**EXERCISE DIRECTIONS**.
Write out the stretch of lines below that begins at the line with "(mod_socle scale (mod_loewy" and ends at the line with "by (metis loewy_eq", including both, exactly as given and nothing more.

**DATASET RECORDS**.
(* Let $R$ be a ring, $M$ an $R$-module of finite length, and $S:=R(+)M$ the idealization of $M$. Let $\{S_i\}_{i=0}^n$ be the Loewy series of the ring extension $R\subseteq S$. Then $S_i=R(+)M_i$ for each $i\in\{0,\ldots,n\}$, where $\{M_i\}$ is the Loewy series of the lattice $\Lambda(M)$ of $R$-submodules of $M$. In particular $\pounds[R,S]=\lambda(M)$.
   Context: All rings are commutative with identity. The idealization $R(+)M$ is $R\times M$ with componentwise addition and multiplication $(r,m)(s,n)=(rs,rn+sm)$; $R$ is identified with $\{(r,0)\}$ and for a submodule $N$ of $M$, $R(+)N$ is a subring. For a ring extension $A\subseteq B$, $[A,B]$ is the lattice of $A$-subalgebras; $T\subset U$ minimal means $[T,U]=\{T,U\}$; atoms of $[A,B]$ are $C$ with $A\subset C$ minimal; the socle $\mathcal S[A,B]$ is the product of all atoms. Loewy series of $A\subseteq B$: $S_0=A$, $S_{i+1}=\mathcal S[S_i,B]$ while $S_i\neq B$; $\pounds[A,B]$ is the least $n$ with $S_n=B$. The Loewy series of $\Lambda(M)$ is $M_0=0$, $M_{i+1}=$ the sum of all submodules $N\supseteq M_i$ with $N/M_i$ simple, while $M_i\neq M$; $\lambda(M)$ is the least $n$ with $M_n=M$. *)

theory Defs
  imports Main "HOL.Modules"
begin

definition finite_length ::
  "('a::comm_ring_1 \<Rightarrow> 'b::ab_group_add \<Rightarrow> 'b) \<Rightarrow> bool" where
  "finite_length scale \<longleftrightarrow>
     (\<exists>n::nat. \<forall>cs::'b set list.
        (\<forall>N\<in>set cs. module.subspace scale N) \<and> sorted_wrt (\<subset>) cs \<longrightarrow> length cs \<le> n)"

text \<open>N/L is simple: L \<subset> N submodules with no submodule strictly in between.\<close>
definition simple_over ::
  "('a::comm_ring_1 \<Rightarrow> 'b::ab_group_add \<Rightarrow> 'b) \<Rightarrow> 'b set \<Rightarrow> 'b set \<Rightarrow> bool" where
  "simple_over scale L N \<longleftrightarrow> module.subspace scale N \<and> L \<subset> N \<and>
     (\<forall>P. module.subspace scale P \<and> L \<subseteq> P \<and> P \<subseteq> N \<longrightarrow> P = L \<or> P = N)"

text \<open>Sum of all submodules N \<supseteq> L with N/L simple (the smallest submodule containing L and all of them).\<close>
definition mod_socle ::
  "('a::comm_ring_1 \<Rightarrow> 'b::ab_group_add \<Rightarrow> 'b) \<Rightarrow> 'b set \<Rightarrow> 'b set" where
  "mod_socle scale L = \<Inter>{P. module.subspace scale P \<and> L \<subseteq> P \<and>
       (\<forall>N. simple_over scale L N \<longrightarrow> N \<subseteq> P)}"

definition mod_loewy ::
  "('a::comm_ring_1 \<Rightarrow> 'b::ab_group_add \<Rightarrow> 'b) \<Rightarrow> nat \<Rightarrow> 'b set" where
  "mod_loewy scale i = (mod_socle scale ^^ i) {0}"

definition mod_loewy_length ::
  "('a::comm_ring_1 \<Rightarrow> 'b::ab_group_add \<Rightarrow> 'b) \<Rightarrow> nat" where
  "mod_loewy_length scale = (LEAST n. mod_loewy scale n = UNIV)"

text \<open>Elements of R(+)M are pairs; R is identified with {(r,0)}.\<close>
definition idz_mult ::
  "('a::comm_ring_1 \<Rightarrow> 'b::ab_group_add \<Rightarrow> 'b) \<Rightarrow> 'a \<times> 'b \<Rightarrow> 'a \<times> 'b \<Rightarrow> 'a \<times> 'b" where
  "idz_mult scale x y = (fst x * fst y, scale (fst x) (snd y) + scale (fst y) (snd x))"

definition idz_base :: "('a::comm_ring_1 \<times> 'b::ab_group_add) set" where
  "idz_base = {(r, 0) | r. True}"

definition idz_sub :: "'b set \<Rightarrow> ('a::comm_ring_1 \<times> 'b::ab_group_add) set" where
  "idz_sub N = {(r, n) | r n. n \<in> N}"

definition idz_subalg ::
  "('a::comm_ring_1 \<Rightarrow> 'b::ab_group_add \<Rightarrow> 'b) \<Rightarrow> ('a \<times> 'b) set \<Rightarrow> bool" where
  "idz_subalg scale T \<longleftrightarrow> idz_base \<subseteq> T \<and>
     (\<forall>x\<in>T. \<forall>y\<in>T. (fst x + fst y, snd x + snd y) \<in> T \<and> (- fst x, - snd x) \<in> T \<and> idz_mult scale x y \<in> T)"

definition idz_minimal ::
  "('a::comm_ring_1 \<Rightarrow> 'b::ab_group_add \<Rightarrow> 'b) \<Rightarrow> ('a \<times> 'b) set \<Rightarrow> ('a \<times> 'b) set \<Rightarrow> bool" where
  "idz_minimal scale T U \<longleftrightarrow> idz_subalg scale T \<and> idz_subalg scale U \<and> T \<subset> U \<and>
     (\<forall>V. idz_subalg scale V \<and> T \<subseteq> V \<and> V \<subseteq> U \<longrightarrow> V = T \<or> V = U)"

text \<open>Socle of [T,S]: product (compositum) of all atoms C, i.e. T \<subset> C minimal;
  realised as the smallest subalgebra containing T and all atoms.\<close>
definition idz_socle ::
  "('a::comm_ring_1 \<Rightarrow> 'b::ab_group_add \<Rightarrow> 'b) \<Rightarrow> ('a \<times> 'b) set \<Rightarrow> ('a \<times> 'b) set" where
  "idz_socle scale T = \<Inter>{V. idz_subalg scale V \<and> T \<subseteq> V \<and>
       (\<forall>C. idz_minimal scale T C \<longrightarrow> C \<subseteq> V)}"

definition idz_loewy ::
  "('a::comm_ring_1 \<Rightarrow> 'b::ab_group_add \<Rightarrow> 'b) \<Rightarrow> nat \<Rightarrow> ('a \<times> 'b) set" where
  "idz_loewy scale i = (idz_socle scale ^^ i) idz_base"

definition idz_loewy_length ::
  "('a::comm_ring_1 \<Rightarrow> 'b::ab_group_add \<Rightarrow> 'b) \<Rightarrow> nat" where
  "idz_loewy_length scale = (LEAST n. idz_loewy scale n = UNIV)"

end

theory Submission
  imports Defs
begin

text \<open>The map N \<mapsto> R(+)N is an order isomorphism from the submodules of M onto the
  R-subalgebras of R(+)M: a subalgebra T contains R, so (r, n) \<in> T iff (0, n) \<in> T, and T is
  R(+)N for N = {n. (0, n) \<in> T}. Hence atoms of [R(+)L, R(+)M] are the R(+)N with N/L simple,
  socles correspond to socles, and the two Loewy series correspond term by term.\<close>

lemma idz_sub_subset_iff:
  "((idz_sub N :: ('a::comm_ring_1 \<times> 'b::ab_group_add) set) \<subseteq> idz_sub P) = (N \<subseteq> P)"
  by (auto simp: idz_sub_def)

lemma idz_sub_eq_iff:
  "((idz_sub N :: ('a::comm_ring_1 \<times> 'b::ab_group_add) set) = idz_sub P) = (N = P)"
  by (metis idz_sub_subset_iff order_antisym order_refl)

lemma idz_sub_UNIV: "(idz_sub UNIV :: ('a::comm_ring_1 \<times> 'b::ab_group_add) set) = UNIV"
  by (auto simp: idz_sub_def)

lemma Inter_image_idz_sub:
  "\<Inter> ((idz_sub :: 'b::ab_group_add set \<Rightarrow> ('a::comm_ring_1 \<times> 'b) set) ` F) = idz_sub (\<Inter> F)"
  by (auto simp: idz_sub_def)

lemma idz_base_eq_idz_sub_zero:
  "(idz_base :: ('a::comm_ring_1 \<times> 'b::ab_group_add) set) = idz_sub {0}"
  by (auto simp: idz_sub_def idz_base_def)

context module
begin

lemma idz_subalg_idz_sub: "subspace N \<Longrightarrow> idz_subalg scale (idz_sub N :: ('a \<times> 'b) set)"
  unfolding idz_subalg_def idz_base_def idz_sub_def idz_mult_def
  by (auto simp: subspace_0 subspace_add subspace_neg subspace_scale)

lemma idz_subalg_iff:
  "idz_subalg scale (T :: ('a \<times> 'b) set) \<longleftrightarrow> (\<exists>N. subspace N \<and> T = idz_sub N)"
proof
  assume T: "idz_subalg scale T"
  define N where "N = {n. (0::'a, n) \<in> T}"
  have base: "(r, 0) \<in> T" for r
    using T by (auto simp: idz_subalg_def idz_base_def)
  have add: "(r + s, m + n) \<in> T" if "(r, m) \<in> T" "(s, n) \<in> T" for r s m n
    using T that by (force simp: idz_subalg_def)
  have "T = idz_sub N"
  proof (auto simp: idz_sub_def N_def)
    fix r n assume "(r, n) \<in> T"
    from add[OF this base[of "-r"]] show "(0, n) \<in> T" by simp
  next
    fix r n assume "(0, n) \<in> T"
    from add[OF this base[of r]] show "(r, n) \<in> T" by simp
  qed
  moreover have "subspace N"
  proof (rule subspaceI)
    show "0 \<in> N" using base by (simp add: N_def)
  next
    fix x y assume "x \<in> N" "y \<in> N"
    then show "x + y \<in> N" using add by (force simp: N_def)
  next
    fix c x assume "x \<in> N"
    then have "idz_mult scale (c, 0) (0, x) \<in> T"
      using T base by (simp add: idz_subalg_def N_def)
    then show "c *s x \<in> N" by (simp add: idz_mult_def N_def)
  qed
  ultimately show "\<exists>N. subspace N \<and> T = idz_sub N" by blast
qed (auto intro: idz_subalg_idz_sub)

lemma Collect_idz_subalg:
  "{T. idz_subalg scale T \<and> Q T} = idz_sub ` {N. subspace N \<and> Q (idz_sub N :: ('a \<times> 'b) set)}"
  by (auto simp: idz_subalg_iff)

lemma idz_minimal_idz_sub_iff:
  assumes "subspace L"
  shows "idz_minimal scale (idz_sub L :: ('a \<times> 'b) set) C \<longleftrightarrow>
         (\<exists>N. C = idz_sub N \<and> simple_over scale L N)"
proof
  assume min: "idz_minimal scale (idz_sub L :: ('a \<times> 'b) set) C"
  then obtain N where N: "subspace N" "C = idz_sub N"
    by (auto simp: idz_minimal_def idz_subalg_iff)
  have "P = L \<or> P = N" if "subspace P" "L \<subseteq> P" "P \<subseteq> N" for P
  proof -
    have "idz_sub P = (idz_sub L :: ('a \<times> 'b) set) \<or> idz_sub P = C"
      using min N that idz_subalg_idz_sub[of P] by (simp add: idz_minimal_def idz_sub_subset_iff)
    then show ?thesis using N by (simp add: idz_sub_eq_iff)
  qed
  with min N show "\<exists>N. C = idz_sub N \<and> simple_over scale L N"
    by (auto simp: idz_minimal_def simple_over_def less_le idz_sub_subset_iff idz_sub_eq_iff)
next
  assume "\<exists>N. C = idz_sub N \<and> simple_over scale L N"
  then obtain N where N: "C = idz_sub N" "simple_over scale L N" by blast
  have "V = idz_sub L \<or> V = C"
    if "idz_subalg scale V" "idz_sub L \<subseteq> V" "V \<subseteq> C" for V
    using that N by (auto simp: idz_subalg_iff simple_over_def idz_sub_subset_iff)
  with N assms show "idz_minimal scale (idz_sub L :: ('a \<times> 'b) set) C"
    by (auto simp: idz_minimal_def simple_over_def less_le idz_sub_subset_iff idz_sub_eq_iff
        intro: idz_subalg_idz_sub)
qed

lemma idz_socle_idz_sub:
  assumes "subspace L"
  shows "idz_socle scale (idz_sub L :: ('a \<times> 'b) set) = idz_sub (mod_socle scale L)"
proof -
  have "(\<forall>C. idz_minimal scale (idz_sub L) C \<longrightarrow> C \<subseteq> (idz_sub P :: ('a \<times> 'b) set)) \<longleftrightarrow>
        (\<forall>N. simple_over scale L N \<longrightarrow> N \<subseteq> P)" for P
    by (simp add: idz_minimal_idz_sub_iff[OF assms]) (metis idz_sub_subset_iff)
  then show ?thesis
    unfolding idz_socle_def mod_socle_def Collect_idz_subalg
    by (simp add: idz_sub_subset_iff Inter_image_idz_sub)
qed

lemma subspace_mod_socle: "subspace (mod_socle scale L)"
  unfolding mod_socle_def by (rule subspace_Inter) auto

lemma subspace_mod_loewy: "subspace (mod_loewy scale i)"
  by (cases i) (simp_all add: mod_loewy_def subspace_0 subspace_mod_socle)

lemma idz_loewy_eq: "idz_loewy scale i = (idz_sub (mod_loewy scale i) :: ('a \<times> 'b) set)"
proof (induction i)
  case 0
  then show ?case by (simp add: mod_loewy_def idz_loewy_def idz_base_eq_idz_sub_zero)
next
  case (Suc i)
  have "idz_loewy scale (Suc i) = idz_socle scale (idz_loewy scale i)"
    by (simp add: idz_loewy_def)
  also have "\<dots> = idz_sub (mod_socle scale (mod_loewy scale i))"
    by (simp add: Suc idz_socle_idz_sub subspace_mod_loewy)
  finally show ?case by (simp add: mod_loewy_def)
qed

end

theorem proposition8p15:
  fixes scale :: "'a::comm_ring_1 \<Rightarrow> 'b::ab_group_add \<Rightarrow> 'b"
  assumes "module scale"
    and "finite_length scale"
  shows "(\<forall>i \<le> idz_loewy_length scale.
            idz_loewy scale i = (idz_sub (mod_loewy scale i) :: ('a \<times> 'b) set))
         \<and> idz_loewy_length scale = mod_loewy_length scale"
proof -
  note loewy_eq = module.idz_loewy_eq[OF assms(1)]
  have "idz_loewy scale n = (UNIV :: ('a \<times> 'b) set) \<longleftrightarrow> mod_loewy scale n = UNIV" for n
    by (metis loewy_eq idz_sub_UNIV idz_sub_eq_iff)
  then have "idz_loewy_length scale = mod_loewy_length scale"
    by (simp add: idz_loewy_length_def mod_loewy_length_def)
  with loewy_eq show ?thesis by blast
qed

end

**RESPONSE AREA**.
  also have "\<dots> = idz_sub (mod_socle scale (mod_loewy scale i))"
    by (simp add: Suc idz_socle_idz_sub subspace_mod_loewy)
  finally show ?case by (simp add: mod_loewy_def)
qed

end

theorem proposition8p15:
  fixes scale :: "'a::comm_ring_1 \<Rightarrow> 'b::ab_group_add \<Rightarrow> 'b"
  assumes "module scale"
    and "finite_length scale"
  shows "(\<forall>i \<le> idz_loewy_length scale.
            idz_loewy scale i = (idz_sub (mod_loewy scale i) :: ('a \<times> 'b) set))
         \<and> idz_loewy_length scale = mod_loewy_length scale"
proof -
  note loewy_eq = module.idz_loewy_eq[OF assms(1)]
  have "idz_loewy scale n = (UNIV :: ('a \<times> 'b) set) \<longleftrightarrow> mod_loewy scale n = UNIV" for n
    by (metis loewy_eq idz_sub_UNIV idz_sub_eq_iff)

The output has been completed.